Legal
Privacy Policy
Last updated 1 July 2026
Subwise organizes your recurring payments and reminds you on WhatsApp before money leaves your account. This policy explains, in plain language, exactly what we access, what we store, who processes it, and the control you have over your data. It is aligned with India's Digital Personal Data Protection (DPDP) Act, 2023.
1. Who we are
Subwise (“we”, “us”) operates the website at subwise.co.in. For the purposes of the DPDP Act 2023 we are the Data Fiduciary for the personal data described below. You can reach us at hello@subwise.co.in.
2. Gmail access (read-only)
If you sign in with Google, we request the gmail.readonly scope. We search only for emails that match payment-related keywords (e.g. receipts, invoices, renewals, auto-pay/UPI mandates, trials) from roughly the last 6 months. For those matching emails we read the subject, sender, date, and message text to detect the service or merchant, amount, billing cycle, payment method (including bank auto-pay mandates), and renewal or trial dates.
We never read your whole inbox, never read non-matching emails, and never open attachments. We request read-only access — Subwise cannot send, delete, or modify any email.
Subwise's use and transfer of information received from Google APIs to any other app will adhere to the Google API Services User Data Policy, including the Limited Use requirements. We do not use Gmail data for advertising, do not sell it, and do not let humans read it except as needed for security, to comply with law, or with your explicit consent.
3. Email / password accounts
If you sign up with an email and password instead of Google, we never request Gmail access at all, and you add your commitments manually. Passwords are stored only as a salted hash (bcrypt) — never in plain text, and we cannot recover them.
4. What we store
We store the minimum needed to run the service:
- Your name and email address.
- The recurring commitments and one-time payments we detect or you add manually.
- Your optional WhatsApp number and reminder preferences.
- For Google accounts, the OAuth tokens needed to run your weekly automatic scan. The ~1-year refresh token is proportionate to, and used solely for, that weekly auto-scan — so you don't have to log in every week.
5. How we use AI to read payment emails
To turn a payment email into a structured commitment, the relevant email text is processed by a large-language-model provider (Groq, running Meta's Llama models), with Google's Gemini as an automatic fallback if the primary provider is unavailable. This is used purely to extract fields like merchant, amount and date, and only the extracted fields are stored — the raw email text is not retained. We do not use your data to train any AI model, and we do not send your data to consumer/free AI tiers.
6. Sub-processors
We rely on a small set of trusted providers to operate Subwise:
- Google — sign-in and read-only Gmail access.
- Supabase — encrypted database hosting.
- Vercel — application hosting.
- Groq — AI parsing of payment-email text (see above).
- Google (Gemini) — fallback AI parsing if the primary provider is unavailable.
- Meta (WhatsApp) — delivering your reminders.
- Resend — email reminders when WhatsApp isn't connected.
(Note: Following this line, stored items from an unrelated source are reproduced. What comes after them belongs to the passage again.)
(*
  For an irreducible representation rho of a finite group with character chi, the matrix rho(g)
  has finite order. After Schur triangularisation its diagonal consists of roots of unity,
  |chi(g)| = chi(1) forces them all to be equal, and a triangular matrix of finite order with
  constant diagonal is scalar in characteristic 0: a nontrivial Jordan chain v, w would make
  B^k v contain the term k c^(k-1) w. So Z(chi) consists of the g with rho(g) scalar, which by
  Schur's lemma are those g whose commutators [g, x] all lie in ker chi; that is,
  Z(chi) = Z_(ker chi). Since membership in Z_N is a condition on commutators, it commutes with
  intersections of normal subgroups, and K(G) = (INT psi:X. ker psi) yields the theorem.
*)

theory Submission
  imports Defs "Jordan_Normal_Form.Schur_Decomposition"
begin

section \<open>Matrices of finite order\<close>

lemma mat_trace_mult_comm:
  fixes C D :: "complex mat"
  assumes C: "C \<in> carrier_mat n m" and D: "D \<in> carrier_mat m n"
  shows "mat_trace (C * D) = mat_trace (D * C)"
proof -
  have "mat_trace (C * D) = (\<Sum>i<n. \<Sum>k<m. C $$ (i,k) * D $$ (k,i))"
    using C D by (simp add: mat_trace_def scalar_prod_def atLeast0LessThan)
  also have "\<dots> = (\<Sum>k<m. \<Sum>i<n. D $$ (k,i) * C $$ (i,k))"
    by (subst sum.swap) (simp add: mult.commute)
  also have "\<dots> = mat_trace (D * C)"
    using C D by (simp add: mat_trace_def scalar_prod_def atLeast0LessThan)
  finally show ?thesis .
qed

lemma similar_mat_wit_mat_trace:
  assumes "similar_mat_wit A B P Q"
  shows "mat_trace A = mat_trace B"
proof -
  obtain n where c: "{A, B, P, Q} \<subseteq> carrier_mat n n" "Q * P = 1\<^sub>m n" and A: "A = P * B * Q"
    using similar_mat_witD[OF refl assms] by blast
  have "mat_trace A = mat_trace (P * (B * Q))" using A c by (simp add: assoc_mult_mat[of P n n B n Q n])
  also have "\<dots> = mat_trace ((B * Q) * P)" using c by (intro mat_trace_mult_comm) auto
  also have "(B * Q) * P = B" using c by (simp add: assoc_mult_mat[of B n n Q n P n] right_mult_one_mat[of B n n])
  finally show ?thesis .
qed

lemma mat_trace_smult_one: "mat_trace (u \<cdot>\<^sub>m 1\<^sub>m n) = u * of_nat n"
  by (simp add: mat_trace_def)

lemma smult_one_mat_pow: "(u \<cdot>\<^sub>m 1\<^sub>m n) ^\<^sub>m k = (u ^ k :: 'a :: comm_semiring_1) \<cdot>\<^sub>m 1\<^sub>m n"
proof (induction k)
  case (Suc k)
  have diag: "\<And>i j. (u ^ k * (if i = j then 1 else 0) * (u * (if i = j then 1 else 0)) :: 'a)
      = (if i = j then u * u ^ k else 0)" by (simp add: power_commutes)
  from Suc show ?case by (intro eq_matI) (auto simp: scalar_prod_def diag)
qed (intro eq_matI, auto)

lemma one_smult_one_mat [simp]: "(1 :: 'a :: semiring_1) \<cdot>\<^sub>m 1\<^sub>m n = 1\<^sub>m n"
  by (intro eq_matI) auto

lemma smult_one_mat_eq_iff:
  assumes "n > 0"
  shows "(u \<cdot>\<^sub>m 1\<^sub>m n = (c :: 'a :: semiring_1) \<cdot>\<^sub>m 1\<^sub>m n) \<longleftrightarrow> u = c"
proof
  assume "u \<cdot>\<^sub>m 1\<^sub>m n = c \<cdot>\<^sub>m 1\<^sub>m n"
  then have "(u \<cdot>\<^sub>m 1\<^sub>m n) $$ (0, 0) = (c \<cdot>\<^sub>m 1\<^sub>m n) $$ (0, 0)" by simp
  then show "u = c" using assms by simp
qed simp

lemma unit_sum_norm_eq_card_imp_average:
  fixes f :: "'i \<Rightarrow> complex"
  assumes I: "finite I" and f1: "\<And>i. i \<in> I \<Longrightarrow> cmod (f i) = 1"
    and S: "cmod (sum f I) = real (card I)" and i: "i \<in> I"
  shows "f i = sum f I / of_nat (card I)"
proof -
  define u where "u = sum f I / of_nat (card I)"
  have card: "card I > 0" using I i by (auto simp: card_gt_0_iff)
  have u1: "cmod u = 1" using S card unfolding u_def by (simp add: norm_divide)
  have le: "Re (f j * cnj u) \<le> 1" if "j \<in> I" for j
    using complex_Re_le_cmod[of "f j * cnj u"] f1[OF that] u1 by (simp add: norm_mult)
  have "(\<Sum>j\<in>I. Re (f j * cnj u)) = Re (sum f I * cnj u)"
    by (simp add: sum_distrib_right)
  also have "sum f I * cnj u = sum f I * cnj (sum f I) / of_nat (card I)"
    unfolding u_def by simp
  also have "sum f I * cnj (sum f I) = of_real ((cmod (sum f I))\<^sup>2)"
    by (rule complex_norm_square[symmetric])
  also have "Re (of_real ((cmod (sum f I))\<^sup>2) / of_nat (card I)) = card I"
    using S card by (simp add: power2_eq_square)
  finally have "(\<Sum>j\<in>I. 1 - Re (f j * cnj u)) = 0" by (simp add: sum_subtractf)
  then have "Re (f i * cnj u) = 1"
    using sum_nonneg_eq_0_iff[OF I, of "\<lambda>j. 1 - Re (f j * cnj u)"] le i by auto
  moreover have "cmod (f i * cnj u) = 1" using f1[OF i] u1 by (simp add: norm_mult)
  ultimately have "f i * cnj u = 1"
    by (simp add: complex_eq_iff cmod_def)
  moreover have "cnj u * u = 1"
    using u1 by (metis complex_norm_square mult.commute of_real_1 one_power2)
  ultimately have "f i = u" by (metis mult.assoc mult.left_neutral mult.right_neutral)
  then show ?thesis unfolding u_def .
qed

lemma poly_linear_factors_eq_0: "(x :: 'a :: comm_ring_1) \<in> set as \<Longrightarrow> poly (\<Prod>a\<leftarrow>as. [:- a, 1:]) x = 0"
  by (induction as) (auto simp: algebra_simps)

lemma upper_triangular_diag_eigenvalue:
  fixes B :: "'a :: field mat"
  assumes B: "B \<in> carrier_mat n n" and ut: "upper_triangular B" and i: "i < n"
  shows "eigenvalue B (B $$ (i, i))"
  unfolding eigenvalue_root_char_poly[OF B] char_poly_upper_triangular[OF B ut]
  using B i by (intro poly_linear_factors_eq_0) (auto simp: diag_mat_def)

lemma complex_mat_eigenvalue_exists:
  fixes A :: "complex mat"
  assumes A: "A \<in> carrier_mat n n" and n: "n > 0"
  shows "\<exists>c. eigenvalue A c"
proof -
  obtain as where as: "char_poly A = (\<Prod>a\<leftarrow>as. [:- a, 1:])" "length as = n"
    using char_poly_factorized[OF A] by auto
  then obtain c where "c \<in> set as" using n by (cases as) auto
  then show ?thesis unfolding eigenvalue_root_char_poly[OF A] as(1) by (blast intro: poly_linear_factors_eq_0)
qed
- PostHog — privacy-conscious product analytics to understand how features are used (no selling of data).
7. WhatsApp messages
If you opt in, we send renewal reminders and occasional summaries to your WhatsApp number. You confirm by replying YES, and you can reply STOP at any time to unsubscribe immediately (TRAI compliant), or PAUSE to snooze the weekly scan. We only message you about your own payments — never marketing for third parties.
8. What we never do
We never sell or rent your data, never read non-payment emails, never share your information with advertisers, and never use it to build profiles for anyone else.
9. Data retention & deletion
You can delete your account and all associated data at any time from Settings. Deletion is processed within 48 hours. Disconnecting Gmail revokes our access and removes the stored tokens. You can also revoke Subwise's access directly from your Google Account's security settings.
10. Your rights (DPDP Act 2023)
You have the right to access, correct, and erase your personal data, to withdraw consent, and to nominate another person to exercise your rights. To make a request or raise a grievance, email hello@subwise.co.in and we will respond within the timelines required by law.
11. Security
Data is transmitted over HTTPS and stored in access-controlled, encrypted databases. Access tokens and secrets are kept server-side and never exposed to your browser. No system is perfectly secure, but we work to protect your data using industry-standard measures.
12. Children
Subwise is intended for users aged 18 and above and is not directed at children.
13. Changes to this policy
We may update this policy as the product evolves. We'll revise the “Last updated” date above, and material changes will be communicated in-app or by email.